## PROBLEM REQUIREMENTS
Search the data for the string "False" and copy each line in which it appears.

## RECORDS FOR THE TASK
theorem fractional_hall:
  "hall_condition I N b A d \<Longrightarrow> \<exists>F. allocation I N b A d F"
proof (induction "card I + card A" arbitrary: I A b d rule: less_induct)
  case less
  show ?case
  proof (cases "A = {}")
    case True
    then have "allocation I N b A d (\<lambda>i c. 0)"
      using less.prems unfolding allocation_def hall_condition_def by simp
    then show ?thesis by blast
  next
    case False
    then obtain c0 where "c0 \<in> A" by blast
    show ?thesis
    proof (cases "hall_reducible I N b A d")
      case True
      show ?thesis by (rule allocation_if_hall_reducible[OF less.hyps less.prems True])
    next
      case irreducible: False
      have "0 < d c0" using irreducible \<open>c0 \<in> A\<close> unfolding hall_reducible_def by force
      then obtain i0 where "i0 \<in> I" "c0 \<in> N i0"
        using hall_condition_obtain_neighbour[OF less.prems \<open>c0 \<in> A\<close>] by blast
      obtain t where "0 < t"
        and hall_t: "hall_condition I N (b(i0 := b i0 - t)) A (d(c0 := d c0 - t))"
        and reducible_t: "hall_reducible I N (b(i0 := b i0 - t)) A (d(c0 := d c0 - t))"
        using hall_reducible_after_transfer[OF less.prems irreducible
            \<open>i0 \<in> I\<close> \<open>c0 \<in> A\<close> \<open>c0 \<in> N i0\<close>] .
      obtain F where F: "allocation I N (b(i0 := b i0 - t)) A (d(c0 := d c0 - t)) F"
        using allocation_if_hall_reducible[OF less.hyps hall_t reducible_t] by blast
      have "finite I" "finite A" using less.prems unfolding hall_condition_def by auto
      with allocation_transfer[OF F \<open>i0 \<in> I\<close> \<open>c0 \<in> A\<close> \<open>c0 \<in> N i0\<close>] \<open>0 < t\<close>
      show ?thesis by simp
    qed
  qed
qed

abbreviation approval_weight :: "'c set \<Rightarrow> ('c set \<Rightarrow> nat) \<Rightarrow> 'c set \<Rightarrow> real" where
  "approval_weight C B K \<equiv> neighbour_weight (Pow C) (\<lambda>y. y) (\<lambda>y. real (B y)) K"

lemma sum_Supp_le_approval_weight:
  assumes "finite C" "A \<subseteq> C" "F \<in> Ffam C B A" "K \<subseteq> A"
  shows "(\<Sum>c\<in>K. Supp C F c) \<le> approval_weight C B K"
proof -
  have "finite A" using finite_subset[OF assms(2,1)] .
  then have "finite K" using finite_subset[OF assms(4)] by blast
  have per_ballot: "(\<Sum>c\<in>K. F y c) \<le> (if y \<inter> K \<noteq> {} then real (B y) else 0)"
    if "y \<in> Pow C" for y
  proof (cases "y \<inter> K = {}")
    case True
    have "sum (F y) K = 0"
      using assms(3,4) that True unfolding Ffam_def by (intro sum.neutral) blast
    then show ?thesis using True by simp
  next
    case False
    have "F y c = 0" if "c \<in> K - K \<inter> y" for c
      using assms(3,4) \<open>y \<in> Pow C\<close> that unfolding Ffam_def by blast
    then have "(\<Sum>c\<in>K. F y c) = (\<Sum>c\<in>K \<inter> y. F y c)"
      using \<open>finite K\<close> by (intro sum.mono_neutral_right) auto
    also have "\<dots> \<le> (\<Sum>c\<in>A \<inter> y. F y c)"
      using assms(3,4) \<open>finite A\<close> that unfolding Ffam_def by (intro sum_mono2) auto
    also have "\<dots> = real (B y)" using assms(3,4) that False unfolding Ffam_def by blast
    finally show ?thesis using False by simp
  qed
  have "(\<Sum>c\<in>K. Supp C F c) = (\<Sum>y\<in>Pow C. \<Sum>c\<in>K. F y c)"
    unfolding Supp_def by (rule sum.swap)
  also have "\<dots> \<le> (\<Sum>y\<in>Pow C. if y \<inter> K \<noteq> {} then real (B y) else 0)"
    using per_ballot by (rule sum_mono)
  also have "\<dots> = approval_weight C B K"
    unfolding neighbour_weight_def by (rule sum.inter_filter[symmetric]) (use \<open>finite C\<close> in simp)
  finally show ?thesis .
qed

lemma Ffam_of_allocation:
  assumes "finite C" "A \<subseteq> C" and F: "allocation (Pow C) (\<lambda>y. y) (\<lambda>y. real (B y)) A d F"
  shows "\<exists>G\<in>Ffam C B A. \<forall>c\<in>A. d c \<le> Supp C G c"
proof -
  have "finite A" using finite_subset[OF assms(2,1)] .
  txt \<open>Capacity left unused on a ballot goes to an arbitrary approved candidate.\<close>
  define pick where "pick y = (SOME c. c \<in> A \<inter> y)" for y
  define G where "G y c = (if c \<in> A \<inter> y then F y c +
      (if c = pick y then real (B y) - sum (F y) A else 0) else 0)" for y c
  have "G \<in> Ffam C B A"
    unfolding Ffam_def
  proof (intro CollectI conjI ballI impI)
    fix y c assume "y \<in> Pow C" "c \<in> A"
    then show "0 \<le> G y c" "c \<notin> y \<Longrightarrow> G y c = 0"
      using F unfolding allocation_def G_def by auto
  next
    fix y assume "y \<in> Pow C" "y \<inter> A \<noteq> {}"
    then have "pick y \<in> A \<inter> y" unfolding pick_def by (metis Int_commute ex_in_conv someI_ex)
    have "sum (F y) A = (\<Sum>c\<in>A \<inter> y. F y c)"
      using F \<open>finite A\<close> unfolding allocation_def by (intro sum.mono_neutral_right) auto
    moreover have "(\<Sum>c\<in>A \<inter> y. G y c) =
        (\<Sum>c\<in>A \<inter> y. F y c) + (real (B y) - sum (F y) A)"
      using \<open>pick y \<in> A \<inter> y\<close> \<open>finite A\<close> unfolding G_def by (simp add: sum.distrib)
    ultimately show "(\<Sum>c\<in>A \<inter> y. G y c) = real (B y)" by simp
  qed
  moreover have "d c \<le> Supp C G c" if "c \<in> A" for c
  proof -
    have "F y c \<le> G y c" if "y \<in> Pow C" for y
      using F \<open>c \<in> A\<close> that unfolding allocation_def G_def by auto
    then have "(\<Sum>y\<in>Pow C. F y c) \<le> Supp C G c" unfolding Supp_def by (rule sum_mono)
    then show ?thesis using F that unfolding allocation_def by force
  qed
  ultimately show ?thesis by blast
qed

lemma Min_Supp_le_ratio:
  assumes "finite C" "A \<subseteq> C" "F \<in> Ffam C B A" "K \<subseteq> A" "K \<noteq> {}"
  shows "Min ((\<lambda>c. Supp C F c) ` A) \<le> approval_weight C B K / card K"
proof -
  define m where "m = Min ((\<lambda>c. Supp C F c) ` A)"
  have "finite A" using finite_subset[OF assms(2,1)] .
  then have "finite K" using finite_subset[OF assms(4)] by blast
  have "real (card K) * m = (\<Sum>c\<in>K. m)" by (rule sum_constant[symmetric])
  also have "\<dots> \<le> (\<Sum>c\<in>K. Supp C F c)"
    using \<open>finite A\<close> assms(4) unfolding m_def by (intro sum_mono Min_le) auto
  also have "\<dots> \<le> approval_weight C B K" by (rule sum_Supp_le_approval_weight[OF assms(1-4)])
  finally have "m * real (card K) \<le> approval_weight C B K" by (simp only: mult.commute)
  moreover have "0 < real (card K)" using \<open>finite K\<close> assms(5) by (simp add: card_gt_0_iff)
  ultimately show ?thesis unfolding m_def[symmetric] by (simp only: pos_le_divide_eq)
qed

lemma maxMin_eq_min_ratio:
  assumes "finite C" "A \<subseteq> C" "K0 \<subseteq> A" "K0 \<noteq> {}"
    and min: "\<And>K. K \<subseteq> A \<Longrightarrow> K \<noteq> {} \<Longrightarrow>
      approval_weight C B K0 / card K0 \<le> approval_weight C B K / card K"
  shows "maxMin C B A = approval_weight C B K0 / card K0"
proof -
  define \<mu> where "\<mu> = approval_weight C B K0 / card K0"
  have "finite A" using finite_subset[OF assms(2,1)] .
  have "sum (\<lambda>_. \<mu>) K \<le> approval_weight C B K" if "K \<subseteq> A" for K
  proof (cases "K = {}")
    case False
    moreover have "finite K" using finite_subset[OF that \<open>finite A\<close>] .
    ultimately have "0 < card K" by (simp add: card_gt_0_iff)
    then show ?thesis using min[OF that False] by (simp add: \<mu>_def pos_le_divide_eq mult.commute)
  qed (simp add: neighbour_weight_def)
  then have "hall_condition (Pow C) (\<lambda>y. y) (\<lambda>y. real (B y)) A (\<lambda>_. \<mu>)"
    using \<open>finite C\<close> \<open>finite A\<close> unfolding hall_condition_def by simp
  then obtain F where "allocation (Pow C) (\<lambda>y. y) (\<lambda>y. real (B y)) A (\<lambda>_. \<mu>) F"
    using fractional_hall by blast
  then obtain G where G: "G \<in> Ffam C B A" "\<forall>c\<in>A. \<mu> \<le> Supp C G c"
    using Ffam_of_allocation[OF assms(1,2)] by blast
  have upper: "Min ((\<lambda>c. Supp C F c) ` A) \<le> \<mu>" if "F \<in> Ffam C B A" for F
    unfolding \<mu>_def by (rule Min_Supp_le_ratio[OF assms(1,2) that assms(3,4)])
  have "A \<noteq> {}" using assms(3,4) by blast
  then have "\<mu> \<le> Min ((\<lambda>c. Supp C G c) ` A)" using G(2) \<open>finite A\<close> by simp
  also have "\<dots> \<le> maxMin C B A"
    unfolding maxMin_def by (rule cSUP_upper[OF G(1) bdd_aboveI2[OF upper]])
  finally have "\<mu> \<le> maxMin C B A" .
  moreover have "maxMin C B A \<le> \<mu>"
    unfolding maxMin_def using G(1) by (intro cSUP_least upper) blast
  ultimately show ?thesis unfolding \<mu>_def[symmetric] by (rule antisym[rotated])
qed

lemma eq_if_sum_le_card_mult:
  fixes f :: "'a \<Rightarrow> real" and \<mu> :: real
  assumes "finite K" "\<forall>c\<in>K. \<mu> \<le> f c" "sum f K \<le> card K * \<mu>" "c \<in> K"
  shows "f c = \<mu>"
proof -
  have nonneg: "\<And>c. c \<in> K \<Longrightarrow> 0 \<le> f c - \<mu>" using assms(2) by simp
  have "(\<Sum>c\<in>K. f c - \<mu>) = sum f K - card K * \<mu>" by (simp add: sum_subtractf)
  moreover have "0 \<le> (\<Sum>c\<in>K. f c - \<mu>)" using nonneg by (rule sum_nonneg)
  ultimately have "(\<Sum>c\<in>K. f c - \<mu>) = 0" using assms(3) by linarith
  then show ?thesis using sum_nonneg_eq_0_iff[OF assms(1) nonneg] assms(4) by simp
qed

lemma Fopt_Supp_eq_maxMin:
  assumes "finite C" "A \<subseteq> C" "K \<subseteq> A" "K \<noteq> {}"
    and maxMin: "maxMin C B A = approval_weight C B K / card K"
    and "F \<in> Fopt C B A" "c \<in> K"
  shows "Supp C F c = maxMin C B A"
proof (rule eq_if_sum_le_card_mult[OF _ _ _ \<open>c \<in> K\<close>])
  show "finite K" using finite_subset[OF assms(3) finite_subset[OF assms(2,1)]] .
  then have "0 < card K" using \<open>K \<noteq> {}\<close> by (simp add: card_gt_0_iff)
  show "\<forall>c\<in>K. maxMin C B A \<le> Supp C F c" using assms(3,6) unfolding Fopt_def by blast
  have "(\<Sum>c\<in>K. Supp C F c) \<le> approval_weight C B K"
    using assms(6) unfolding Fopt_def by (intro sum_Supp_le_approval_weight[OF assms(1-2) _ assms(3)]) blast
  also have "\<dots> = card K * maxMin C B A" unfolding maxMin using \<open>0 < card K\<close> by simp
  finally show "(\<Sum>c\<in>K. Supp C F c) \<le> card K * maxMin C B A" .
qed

## SOLUTION TO THE EXERCISE
    case False
      case irreducible: False
    case False
    also have "\<dots> = real (B y)" using assms(3,4) that False unfolding Ffam_def by blast
    finally show ?thesis using False by simp
    case False
    then show ?thesis using min[OF that False] by (simp add: \<mu>_def pos_le_divide_eq mult.commute)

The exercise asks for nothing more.